> Task to carry out
Output the records that follow, keeping every line exactly as it is.

> Given entries
text \<open>
  The library proves the invariance only on \<open>real^'n\<close> with a wellordered index type; indexing the
  basis of \<open>'a\<close> by such a type identifies \<open>'a\<close> isometrically with \<open>real^('a basis_index)\<close>.
\<close>

typedef (overloaded) ('a::euclidean_space) basis_index = "Basis :: 'a set"
  using nonempty_Basis by blast

instance basis_index :: (euclidean_space) finite
  by standard (simp add: type_definition.univ[OF type_definition_basis_index])

lemma inj_to_nat_on_basis_index: "inj (to_nat_on (UNIV :: 'a::euclidean_space basis_index set))"
  by (rule inj_on_to_nat_on) (simp add: countable_finite)

instantiation basis_index :: (euclidean_space) linorder
begin

definition less_eq_basis_index :: "'a basis_index \<Rightarrow> 'a basis_index \<Rightarrow> bool"
  where "less_eq_basis_index i j \<longleftrightarrow> to_nat_on UNIV i \<le> to_nat_on UNIV j"

definition less_basis_index :: "'a basis_index \<Rightarrow> 'a basis_index \<Rightarrow> bool"
  where "less_basis_index i j \<longleftrightarrow> to_nat_on UNIV i < to_nat_on UNIV j"

instance
  by standard (auto simp: less_eq_basis_index_def less_basis_index_def inj_eq[OF inj_to_nat_on_basis_index])

end

instance basis_index :: (euclidean_space) wellorder
proof
  fix P :: "'a basis_index \<Rightarrow> bool" and a
  assume step: "\<And>i. (\<And>j. j < i \<Longrightarrow> P j) \<Longrightarrow> P i"
  show "P a"
    by (induction a rule: measure_induct_rule[of "to_nat_on UNIV"]) (rule step, simp add: less_basis_index_def)
qed

definition to_cart :: "'a::euclidean_space \<Rightarrow> real^('a basis_index)"
  where "to_cart x = (\<chi> i. x \<bullet> Rep_basis_index i)"

definition from_cart :: "real^('a::euclidean_space basis_index) \<Rightarrow> 'a"
  where "from_cart v = (\<Sum>i\<in>UNIV. (v $ i) *\<^sub>R Rep_basis_index i)"

lemma range_Rep_basis_index: "range Rep_basis_index = (Basis :: 'a::euclidean_space set)"
  by (rule type_definition.Rep_range[OF type_definition_basis_index])

lemma sum_basis_index:
  "(\<Sum>i\<in>UNIV. f (Rep_basis_index i)) = (\<Sum>b\<in>(Basis :: 'a::euclidean_space set). f b)"
  unfolding range_Rep_basis_index[symmetric]
  using sum.reindex[of Rep_basis_index UNIV f] by (simp add: inj_on_def Rep_basis_index_inject)

lemma prod_basis_index:
  "(\<Prod>i\<in>UNIV. f (Rep_basis_index i)) = (\<Prod>b\<in>(Basis :: 'a::euclidean_space set). f b)"
  unfolding range_Rep_basis_index[symmetric]
  using prod.reindex[of Rep_basis_index UNIV f] by (simp add: inj_on_def Rep_basis_index_inject)

lemma inner_Rep_basis_index:
  "Rep_basis_index i \<bullet> Rep_basis_index j = (if i = j then 1 else (0::real))"
  using Rep_basis_index[of i] Rep_basis_index[of j] by (auto simp: inner_Basis Rep_basis_index_inject)

lemma from_cart_to_cart [simp]: "from_cart (to_cart x) = x"
  using sum_basis_index[of "\<lambda>b. (x \<bullet> b) *\<^sub>R b"]
  by (simp add: from_cart_def to_cart_def euclidean_representation)

lemma inner_from_cart_Rep: "from_cart v \<bullet> Rep_basis_index j = v $ j"
proof -
  have "from_cart v \<bullet> Rep_basis_index j = (\<Sum>i\<in>UNIV. (v $ i) * (Rep_basis_index i \<bullet> Rep_basis_index j))"
    by (simp add: from_cart_def inner_sum_left)
  also have "\<dots> = v $ j" by (simp add: inner_Rep_basis_index if_distrib cong: if_cong)
  finally show ?thesis .
qed

lemma to_cart_from_cart [simp]: "to_cart (from_cart v) = v"
  by (simp add: to_cart_def inner_from_cart_Rep vec_eq_iff)

lemma inner_to_cart: "to_cart x \<bullet> to_cart y = x \<bullet> y"
proof -
  have "to_cart x \<bullet> to_cart y = (\<Sum>i\<in>UNIV. (x \<bullet> Rep_basis_index i) * (y \<bullet> Rep_basis_index i))"
    by (simp add: inner_vec_def to_cart_def)
  also have "\<dots> = x \<bullet> y"
    using sum_basis_index[of "\<lambda>b. (x \<bullet> b) * (y \<bullet> b)"] by (simp add: euclidean_inner[of x y])
  finally show ?thesis .
qed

> Your solution
text \<open>
  The library proves the invariance only on \<open>real^'n\<close> with a wellordered index type; indexing the
  basis of \<open>'a\<close> by such a type identifies \<open>'a\<close> isometrically with \<open>real^('a basis_index)\<close>.
\<close>

typedef (overloaded) ('a::euclidean_space) basis_index = "Basis :: 'a set"
  using nonempty_Basis by blast

instance basis_index :: (euclidean_space) finite
  by standard (simp add: type_definition.univ[OF type_definition_basis_index])

lemma inj_to_nat_on_basis_index: "inj (to_nat_on (UNIV :: 'a::euclidean_space basis_index set))"
  by (rule inj_on_to_nat_on) (simp add: countable_finite)

instantiation basis_index :: (euclidean_space) linorder
begin

definition less_eq_basis_index :: "'a basis_index \<Rightarrow> 'a basis_index \<Rightarrow> bool"
  where "less_eq_basis_index i j \<longleftrightarrow> to_nat_on UNIV i \<le> to_nat_on UNIV j"

definition less_basis_index :: "'a basis_index \<Rightarrow> 'a basis_index \<Rightarrow> bool"
  where "less_basis_index i j \<longleftrightarrow> to_nat_on UNIV i < to_nat_on UNIV j"

instance
  by standard (auto simp: less_eq_basis_index_def less_basis_index_def inj_eq[OF inj_to_nat_on_basis_index])

end

instance basis_index :: (euclidean_space) wellorder
proof
  fix P :: "'a basis_index \<Rightarrow> bool" and a
  assume step: "\<And>i. (\<And>j. j < i \<Longrightarrow> P j) \<Longrightarrow> P i"
  show "P a"
    by (induction a rule: measure_induct_rule[of "to_nat_on UNIV"]) (rule step, simp add: less_basis_index_def)
qed

definition to_cart :: "'a::euclidean_space \<Rightarrow> real^('a basis_index)"
  where "to_cart x = (\<chi> i. x \<bullet> Rep_basis_index i)"

definition from_cart :: "real^('a::euclidean_space basis_index) \<Rightarrow> 'a"
  where "from_cart v = (\<Sum>i\<in>UNIV. (v $ i) *\<^sub>R Rep_basis_index i)"

lemma range_Rep_basis_index: "range Rep_basis_index = (Basis :: 'a::euclidean_space set)"
  by (rule type_definition.Rep_range[OF type_definition_basis_index])

lemma sum_basis_index:
  "(\<Sum>i\<in>UNIV. f (Rep_basis_index i)) = (\<Sum>b\<in>(Basis :: 'a::euclidean_space set). f b)"
  unfolding range_Rep_basis_index[symmetric]
  using sum.reindex[of Rep_basis_index UNIV f] by (simp add: inj_on_def Rep_basis_index_inject)

lemma prod_basis_index:
  "(\<Prod>i\<in>UNIV. f (Rep_basis_index i)) = (\<Prod>b\<in>(Basis :: 'a::euclidean_space set). f b)"
  unfolding range_Rep_basis_index[symmetric]
  using prod.reindex[of Rep_basis_index UNIV f] by (simp add: inj_on_def Rep_basis_index_inject)

lemma inner_Rep_basis_index:
  "Rep_basis_index i \<bullet> Rep_basis_index j = (if i = j then 1 else (0::real))"
  using Rep_basis_index[of i] Rep_basis_index[of j] by (auto simp: inner_Basis Rep_basis_index_inject)

lemma from_cart_to_cart [simp]: "from_cart (to_cart x) = x"
  using sum_basis_index[of "\<lambda>b. (x \<bullet> b) *\<^sub>R b"]
  by (simp add: from_cart_def to_cart_def euclidean_representation)

lemma inner_from_cart_Rep: "from_cart v \<bullet> Rep_basis_index j = v $ j"
proof -
  have "from_cart v \<bullet> Rep_basis_index j = (\<Sum>i\<in>UNIV. (v $ i) * (Rep_basis_index i \<bullet> Rep_basis_index j))"
    by (simp add: from_cart_def inner_sum_left)
  also have "\<dots> = v $ j" by (simp add: inner_Rep_basis_index if_distrib cong: if_cong)
  finally show ?thesis .
qed

lemma to_cart_from_cart [simp]: "to_cart (from_cart v) = v"
  by (simp add: to_cart_def inner_from_cart_Rep vec_eq_iff)

lemma inner_to_cart: "to_cart x \<bullet> to_cart y = x \<bullet> y"
proof -
  have "to_cart x \<bullet> to_cart y = (\<Sum>i\<in>UNIV. (x \<bullet> Rep_basis_index i) * (y \<bullet> Rep_basis_index i))"
    by (simp add: inner_vec_def to_cart_def)
  also have "\<dots> = x \<bullet> y"
    using sum_basis_index[of "\<lambda>b. (x \<bullet> b) * (y \<bullet> b)"] by (simp add: euclidean_inner[of x y])
  finally show ?thesis .
qed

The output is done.